Writer, Translator, Reader

Posts from the ‘writing’ category

Some Writing

Between January and March this year, I had the very real pleasure (and subsequent immediate self-doubting anxiety) of seeing several short fiction pieces, and one translation, published around this beautiful lit-loving internet:

In January the exciting and new Sundog Lit published the first of my Elemental stories, “miner’s daughter.” These are very short pieces that I’ve been playing with as I work on a longer cycle; they are also auxiliary pieces to the novel I’m slowly writing about a woman who discovers a naturally-occurring nuclear fission reactor (and abandoned mine).

PANK just recently published a second one, called “Mining.”

In March then, Two Serious Ladies, which is an online journal that has published some of my favorite contemporary writers, included a short piece I first wrote over 10 years ago and have been re-writing ever since.  “Gongneung subway, 1.am”

Also, the always-beautiful Cerise Press included my translation of Ramuz’s “The Two Old Maids” in their spring issue. This journal does such wonderful work and this issue hosts a number of really beautiful translations as well as essays. Two of my favorites from this issue are Mary P. Noonan’s essay on Beckett and Jacqueline White’s on Mata Hari.

The Ann Arbor Review published a very tiny poem called “For September.” This poem is the perfect example of something I wish I could re-write now that it’s been published – an ongoing war with my inner poet.

Finally, at Necessary Fiction, I was very happy to be involved in a Round Table Discussion on Kate Zambreno’s Heroines with fellow writers/readers Helen McClory, Joanna Walsh and Christine Cody. This book has continued to stimulate some very interesting discussions around the web, and I highly recommend it.

Some Reading

My reading has been very much all over the place for the last few months—a mixture of contemporary titles, classic and contemporary Japanese novels, and back to Virginia Woolf’s Diaries. I’m also about halfway through Lyndall Gordon’s biography of Woolf and thoroughly immersed—Gordon filters all auto/biographical information about Woolf and her family and peers with lengthy discussions of Woolf’s fiction and other writings. It’s all extremely compelling.

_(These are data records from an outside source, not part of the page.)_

(* Let $n\ge1$ and let $\mathcal{A},\mathcal{B}\subseteq D_n$. Then $\mathcal{A}$ and $\mathcal{B}$ are right-homometric if and only if $$\mathbf{iv}(A_+)+\mathbf{iv}(A_-)=\mathbf{iv}(B_+)+\mathbf{iv}(B_-)\quad\text{and}\quad \mathbf{ifunc}(A_+,A_-)=\mathbf{ifunc}(B_+,B_-).$$ Moreover, $\mathcal{A}$ and $\mathcal{B}$ are left-homometric if and only if $$\mathbf{iv}(A_+)+\mathbf{iv}(A_-)=\mathbf{iv}(B_+)+\mathbf{iv}(B_-)\quad\text{and}\quad \mathbf{ifunc}(I_0A_+,A_-)=\mathbf{ifunc}(I_0B_+,B_-).$$ (All equalities are equalities of functions $\mathbb{Z}_n\to\mathbb{Z}_{\ge0}$.)
   Context: $D_n$ is the set of pairs $(k,\epsilon)$, $k\in\mathbb{Z}_n$, $\epsilon\in\{1,-1\}$, with multiplication $(k,\epsilon)(l,\eta)=(k+\epsilon l,\epsilon\eta)$. Right interval: ${}^r\mathbf{int}(x,y)=x^{-1}y$, i.e. ${}^r\mathbf{int}((k_1,\epsilon_1),(k_2,\epsilon_2))=((k_2-k_1)/\epsilon_1,\epsilon_2/\epsilon_1)$; left interval: ${}^l\mathbf{int}(x,y)=yx^{-1}$, i.e. $(k_2-(\epsilon_2/\epsilon_1)k_1,\epsilon_2/\epsilon_1)$. For $\mathcal{A}\subseteq D_n$ and $g\in D_n$, ${}^r\mathbf{iv}(\mathcal{A})(g)=\#\{(x,y)\in\mathcal{A}^2: {}^r\mathbf{int}(x,y)=g\}$ and ${}^l\mathbf{iv}(\mathcal{A})(g)=\#\{(x,y)\in\mathcal{A}^2:{}^l\mathbf{int}(x,y)=g\}$. Two subsets of $D_n$ are right-homometric (resp. left-homometric) if they have the same ${}^r\mathbf{iv}$ (resp. ${}^l\mathbf{iv}$). For $\mathcal{A}\subseteq D_n$ put $A_+=\{k\in\mathbb{Z}_n:(k,1)\in\mathcal{A}\}$ and $A_-=\{k\in\mathbb{Z}_n:(k,-1)\in\mathcal{A}\}$ (similarly $B_\pm$ for $\mathcal{B}$). For $A,B\subseteq\mathbb{Z}_n$: $\mathbf{ifunc}(A,B)(k)=\#\{(a,b)\in A\times B: b-a=k\}$, $\mathbf{iv}(A)=\mathbf{ifunc}(A,A)$, and $I_0A=\{-a:a\in A\}$. *)

theory Defs
  imports Main
begin

definition Zn :: "int \<Rightarrow> int set" where
  "Zn n = {0..<n}"

definition Dn :: "int \<Rightarrow> (int \<times> int) set" where
  "Dn n = {0..<n} \<times> {1, -1}"

definition dmult :: "int \<Rightarrow> int \<times> int \<Rightarrow> int \<times> int \<Rightarrow> int \<times> int" where
  "dmult n x y = ((fst x + snd x * fst y) mod n, snd x * snd y)"

definition dinv :: "int \<Rightarrow> int \<times> int \<Rightarrow> int \<times> int" where
  "dinv n x = ((- (snd x * fst x)) mod n, snd x)"

definition rint :: "int \<Rightarrow> int \<times> int \<Rightarrow> int \<times> int \<Rightarrow> int \<times> int" where
  "rint n x y = dmult n (dinv n x) y"

definition lint :: "int \<Rightarrow> int \<times> int \<Rightarrow> int \<times> int \<Rightarrow> int \<times> int" where
  "lint n x y = dmult n y (dinv n x)"

definition riv :: "int \<Rightarrow> (int \<times> int) set \<Rightarrow> int \<times> int \<Rightarrow> nat" where
  "riv n A g = card {(x, y). x \<in> A \<and> y \<in> A \<and> rint n x y = g}"

definition liv :: "int \<Rightarrow> (int \<times> int) set \<Rightarrow> int \<times> int \<Rightarrow> nat" where
  "liv n A g = card {(x, y). x \<in> A \<and> y \<in> A \<and> lint n x y = g}"

definition right_homometric :: "int \<Rightarrow> (int \<times> int) set \<Rightarrow> (int \<times> int) set \<Rightarrow> bool" where
  "right_homometric n A B \<longleftrightarrow> (\<forall>g \<in> Dn n. riv n A g = riv n B g)"

definition left_homometric :: "int \<Rightarrow> (int \<times> int) set \<Rightarrow> (int \<times> int) set \<Rightarrow> bool" where
  "left_homometric n A B \<longleftrightarrow> (\<forall>g \<in> Dn n. liv n A g = liv n B g)"

definition plus_part :: "(int \<times> int) set \<Rightarrow> int set" where
  "plus_part A = {k. (k, 1) \<in> A}"

definition minus_part :: "(int \<times> int) set \<Rightarrow> int set" where
  "minus_part A = {k. (k, -1) \<in> A}"

definition ifunc :: "int \<Rightarrow> int set \<Rightarrow> int set \<Rightarrow> int \<Rightarrow> nat" where
  "ifunc n A B k = card {(a, b). a \<in> A \<and> b \<in> B \<and> (b - a) mod n = k}"

definition iv :: "int \<Rightarrow> int set \<Rightarrow> int \<Rightarrow> nat" where
  "iv n A = ifunc n A A"

definition I0 :: "int \<Rightarrow> int set \<Rightarrow> int set" where
  "I0 n A = (\<lambda>a. (- a) mod n) ` A"

end

theory Submission
  imports Defs
begin

text \<open>Every element of \<open>D\<^sub>n\<close> has sign \<open>\<plusminus>1\<close> and the sign of \<open>x\<^sup>-\<^sup>1y\<close> or \<open>yx\<^sup>-\<^sup>1\<close> is the
  product of the signs of \<open>x\<close> and \<open>y\<close>. So the values of the interval vectors at rotations
  \<open>(k,1)\<close> count the pairs of equal sign, giving \<open>iv(A\<^sub>+) + iv(A\<^sub>-)\<close>, and the values at
  reflections \<open>(k,-1)\<close> count the pairs of opposite sign. For \<open>x = (a,1)\<close> and \<open>y = (b,-1)\<close>
  both orders of the pair contribute equally, and \<open>x\<^sup>-\<^sup>1y = (b-a,-1)\<close> while \<open>yx\<^sup>-\<^sup>1 = (b+a,-1)\<close>;
  this yields \<open>2 ifunc(A\<^sub>+,A\<^sub>-)\<close> on the right and \<open>2 ifunc(I\<^sub>0A\<^sub>+,A\<^sub>-)\<close> on the left.\<close>

lemma finite_Dn: "finite (Dn n)"
  by (simp add: Dn_def)

lemma snd_image_Dn_subset: "snd ` Dn n \<subseteq> {1, -1}"
  by (auto simp: Dn_def)

lemma plus_part_subset_Zn: "A \<subseteq> Dn n \<Longrightarrow> plus_part A \<subseteq> Zn n"
  by (auto simp: plus_part_def Dn_def Zn_def)

lemma ball_Dn: "(\<forall>g \<in> Dn n. P g) \<longleftrightarrow> (\<forall>k \<in> Zn n. P (k, 1)) \<and> (\<forall>k \<in> Zn n. P (k, -1))"
  by (auto simp: Dn_def Zn_def)

lemma rint_eq: "rint n (a, s) (b, t) = ((s * (b - a)) mod n, s * t)"
proof -
  have "(- (s * a) mod n + s * b) mod n = (- (s * a) + s * b) mod n"
    by (rule mod_add_left_eq)
  then show ?thesis
    by (simp add: rint_def dmult_def dinv_def right_diff_distrib)
qed

lemma lint_eq: "lint n (a, s) (b, t) = ((b - t * s * a) mod n, t * s)"
proof -
  have "(b + t * (- (s * a) mod n)) mod n = (b + t * (- (s * a))) mod n"
    by (metis mod_add_right_eq mod_mult_right_eq)
  then show ?thesis
    by (simp add: lint_def dmult_def dinv_def algebra_simps)
qed

lemma card_pairs_by_signs:
  fixes A :: "('a \<times> int) set" and P :: "'a \<times> int \<Rightarrow> 'a \<times> int \<Rightarrow> bool"
  assumes "finite A" and "snd ` A \<subseteq> {1, -1}"
  shows "card {(x, y). x \<in> A \<and> y \<in> A \<and> P x y}
       = (\<Sum>s\<in>{1, -1}. \<Sum>t\<in>{1, -1}. card {(a, b). (a, s) \<in> A \<and> (b, t) \<in> A \<and> P (a, s) (b, t)})"
proof -
  let ?S = "{(x, y). x \<in> A \<and> y \<in> A \<and> P x y}"
  let ?signs = "\<lambda>(x, y). (snd x, snd y)"
  have "finite ?S"
    by (rule finite_subset[of _ "A \<times> A"]) (use assms(1) in auto)
  moreover have "?signs ` ?S \<subseteq> {1, -1} \<times> {1, -1}"
    using assms(2) by auto
  ultimately have "card ?S = (\<Sum>(s, t)\<in>{1, -1} \<times> {1, -1}. card {p \<in> ?S. ?signs p = (s, t)})"
    using sum.group[of ?S "{1, -1} \<times> {1, -1}" ?signs "\<lambda>_. 1 :: nat"]
    by (simp add: case_prod_unfold)
  also have "\<dots> = (\<Sum>s\<in>{1, -1}. \<Sum>t\<in>{1, -1}. card {p \<in> ?S. ?signs p = (s, t)})"
    by (simp add: sum.cartesian_product)
  also have "\<dots> = (\<Sum>s\<in>{1, -1}. \<Sum>t\<in>{1, -1}. card {(a, b). (a, s) \<in> A \<and> (b, t) \<in> A \<and> P (a, s) (b, t)})"
  proof (intro sum.cong refl)
    fix s t :: int
    let ?embed = "\<lambda>(a, b). ((a, s), (b, t))"
    let ?piece = "{(a, b). (a, s) \<in> A \<and> (b, t) \<in> A \<and> P (a, s) (b, t)}"
    have "{p \<in> ?S. ?signs p = (s, t)} = ?embed ` ?piece"
      by auto
    moreover have "inj_on ?embed ?piece"
      by (auto simp: inj_on_def)
    ultimately show "card {p \<in> ?S. ?signs p = (s, t)} = card ?piece"
      by (simp only: card_image)
  qed
  finally show ?thesis .
qed

lemma card_pairs_swap: "card {(a, b). P a b} = card {(a, b). P b a}"
  using card_inverse[of "{(a, b). P a b}"] by (simp add: converse_def)

lemma card_pairs_Dn_by_signs:
  assumes "A \<subseteq> Dn n"
  shows "card {(x, y). x \<in> A \<and> y \<in> A \<and> P x y}
       = (\<Sum>s\<in>{1, -1}. \<Sum>t\<in>{1, -1}. card {(a, b). (a, s) \<in> A \<and> (b, t) \<in> A \<and> P (a, s) (b, t)})"
  by (rule card_pairs_by_signs)
    (use assms finite_subset[OF assms finite_Dn] snd_image_Dn_subset in blast)+

lemma neg_mod_inj_on_Zn: "inj_on (\<lambda>a. (- a) mod n) (Zn n)"
proof (rule inj_onI)
  fix a a' assume "a \<in> Zn n" "a' \<in> Zn n" and "(- a) mod n = (- a') mod n"
  then have "(- ((- a) mod n)) mod n = (- ((- a') mod n)) mod n"
    by simp
  then have "a mod n = a' mod n"
    by (simp add: mod_minus_eq)
  with \<open>a \<in> Zn n\<close> \<open>a' \<in> Zn n\<close> show "a = a'"
    by (simp add: Zn_def)
qed

lemma ifunc_I0:
  assumes "X \<subseteq> Zn n"
  shows "ifunc n (I0 n X) Y k = card {(a, b). a \<in> X \<and> b \<in> Y \<and> (a + b) mod n = k}"
proof -
  let ?neg = "map_prod (\<lambda>a. (- a) mod n) id"
  let ?S = "{(a, b). a \<in> X \<and> b \<in> Y \<and> (a + b) mod n = k}"
  have shift: "(b - (- a) mod n) mod n = (a + b) mod n" for a b :: int
    by (simp add: mod_diff_right_eq add.commute)
  have "{(a', b). a' \<in> I0 n X \<and> b \<in> Y \<and> (b - a') mod n = k} = ?neg ` ?S"
  proof (intro set_eqI iffI)
    fix p assume "p \<in> {(a', b). a' \<in> I0 n X \<and> b \<in> Y \<and> (b - a') mod n = k}"
    then obtain a b where "p = ?neg (a, b)" and "(a, b) \<in> ?S"
      by (auto simp: I0_def shift)
    then show "p \<in> ?neg ` ?S"
      by (rule image_eqI)
  qed (auto simp: I0_def shift)
  moreover have "inj_on ?neg ?S"
  proof (rule inj_on_subset)
    show "inj_on ?neg (X \<times> Y)"
      using inj_on_subset[OF neg_mod_inj_on_Zn assms] by (rule map_prod_inj_on) simp
  qed auto
  ultimately show ?thesis
    by (simp add: ifunc_def card_image)
qed

lemma riv_rotation:
  assumes "A \<subseteq> Dn n"
  shows "riv n A (k, 1) = iv n (plus_part A) k + iv n (minus_part A) k"
proof -
  have "riv n A (k, 1) = iv n (plus_part A) k
      + card {(a, b). (a, -1) \<in> A \<and> (b, -1) \<in> A \<and> (a - b) mod n = k}"
    unfolding riv_def card_pairs_Dn_by_signs[OF assms]
    by (simp add: rint_eq iv_def ifunc_def plus_part_def)
  also have "card {(a, b). (a, -1) \<in> A \<and> (b, -1) \<in> A \<and> (a - b) mod n = k} = iv n (minus_part A) k"
    by (subst card_pairs_swap) (simp add: iv_def ifunc_def minus_part_def conj_ac)
  finally show ?thesis .
qed

lemma riv_reflection:
  assumes "A \<subseteq> Dn n"
  shows "riv n A (k, -1) = 2 * ifunc n (plus_part A) (minus_part A) k"
proof -
  have "riv n A (k, -1) = ifunc n (plus_part A) (minus_part A) k
      + card {(a, b). (a, -1) \<in> A \<and> (b, 1) \<in> A \<and> (a - b) mod n = k}"
    unfolding riv_def card_pairs_Dn_by_signs[OF assms]
    by (simp add: rint_eq ifunc_def plus_part_def minus_part_def)
  also have "card {(a, b). (a, -1) \<in> A \<and> (b, 1) \<in> A \<and> (a - b) mod n = k}
      = ifunc n (plus_part A) (minus_part A) k"
    by (subst card_pairs_swap) (simp add: ifunc_def plus_part_def minus_part_def conj_ac)
  finally show ?thesis by simp
qed

lemma liv_rotation:
  assumes "A \<subseteq> Dn n"
  shows "liv n A (k, 1) = iv n (plus_part A) k + iv n (minus_part A) k"
  unfolding liv_def card_pairs_Dn_by_signs[OF assms]
  by (simp add: lint_eq iv_def ifunc_def plus_part_def minus_part_def)

lemma liv_reflection:
  assumes "A \<subseteq> Dn n"
  shows "liv n A (k, -1) = 2 * ifunc n (I0 n (plus_part A)) (minus_part A) k"
proof -
  let ?sums = "card {(a, b). a \<in> plus_part A \<and> b \<in> minus_part A \<and> (a + b) mod n = k}"
  have "liv n A (k, -1) = ?sums + card {(a, b). (a, -1) \<in> A \<and> (b, 1) \<in> A \<and> (a + b) mod n = k}"
    unfolding liv_def card_pairs_Dn_by_signs[OF assms]
    by (simp add: lint_eq plus_part_def minus_part_def add.commute)
  also have "card {(a, b). (a, -1) \<in> A \<and> (b, 1) \<in> A \<and> (a + b) mod n = k} = ?sums"
    by (subst card_pairs_swap) (simp add: plus_part_def minus_part_def conj_ac add.commute)
  also have "?sums = ifunc n (I0 n (plus_part A)) (minus_part A) k"
    using ifunc_I0[OF plus_part_subset_Zn[OF assms]] by simp
  finally show ?thesis by simp
qed

theorem mainTheorem2:
  fixes n :: int and A B :: "(int \<times> int) set"
  assumes "n \<ge> 1" and "A \<subseteq> Dn n" and "B \<subseteq> Dn n"
  shows "(right_homometric n A B \<longleftrightarrow>
            (\<forall>k \<in> Zn n. iv n (plus_part A) k + iv n (minus_part A) k
                        = iv n (plus_part B) k + iv n (minus_part B) k)
          \<and> (\<forall>k \<in> Zn n. ifunc n (plus_part A) (minus_part A) k
                        = ifunc n (plus_part B) (minus_part B) k))
       \<and> (left_homometric n A B \<longleftrightarrow>
            (\<forall>k \<in> Zn n. iv n (plus_part A) k + iv n (minus_part A) k
                        = iv n (plus_part B) k + iv n (minus_part B) k)
          \<and> (\<forall>k \<in> Zn n. ifunc n (I0 n (plus_part A)) (minus_part A) k
                        = ifunc n (I0 n (plus_part B)) (minus_part B) k))"
  unfolding right_homometric_def left_homometric_def ball_Dn
  using assms(2,3)
  by (simp add: riv_rotation riv_reflection liv_rotation liv_reflection)

end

I have discovered a handful of writers this winter worth looking further into. The first is Michelle Latiolais, whose story collection Widow was published by Bellevue Literary Press. She has a novel as well, which I will read soon. And I’m going to write a full post on Widow, but will say quickly here that it was an exceptional collection—the combination of emotional and cerebral that I absolutely love, with narratives just a bit inscrutable but which attain a high emotional resonance. She reminded me of Christine Schutt in many ways (and indeed, Schutt blurbed the book). The second is Mariko Nagai, whose collection Georgic I wrote about here.

I’ve also read two quite different francophone women writers, neither of whom has been translated into English but who were both incredibly well-published in their lifetimes and who walked along the periphery of the “nouveau roman.” The first is Hélène Bessette who was French, and the second is Clarisse Francillon, from Switzerland although she lived for most of her life in Paris. Imagine my delight at finding at small back room at the public library in Vevey that houses the Francillon collection—all of her own work plus the library she donated to the city when she died in 1976. Imagine my further delight when I learned I could check anything out and that it wasn’t restricted to use on site. I toddled home with a tall stack of her novels and am getting acquainted. Her novel Le Carnet à Lucarnes (The Skylight Notebook) is described in the Dictionnaire Littéraire des Femmes de Langue Française in this way:

L’héroine y incarne au féminin trois archétypes de l’imaginaire occidental: Hamlet, le tourmenté, Don Juan, l’insatisfait et Faust, l’orgueilleux.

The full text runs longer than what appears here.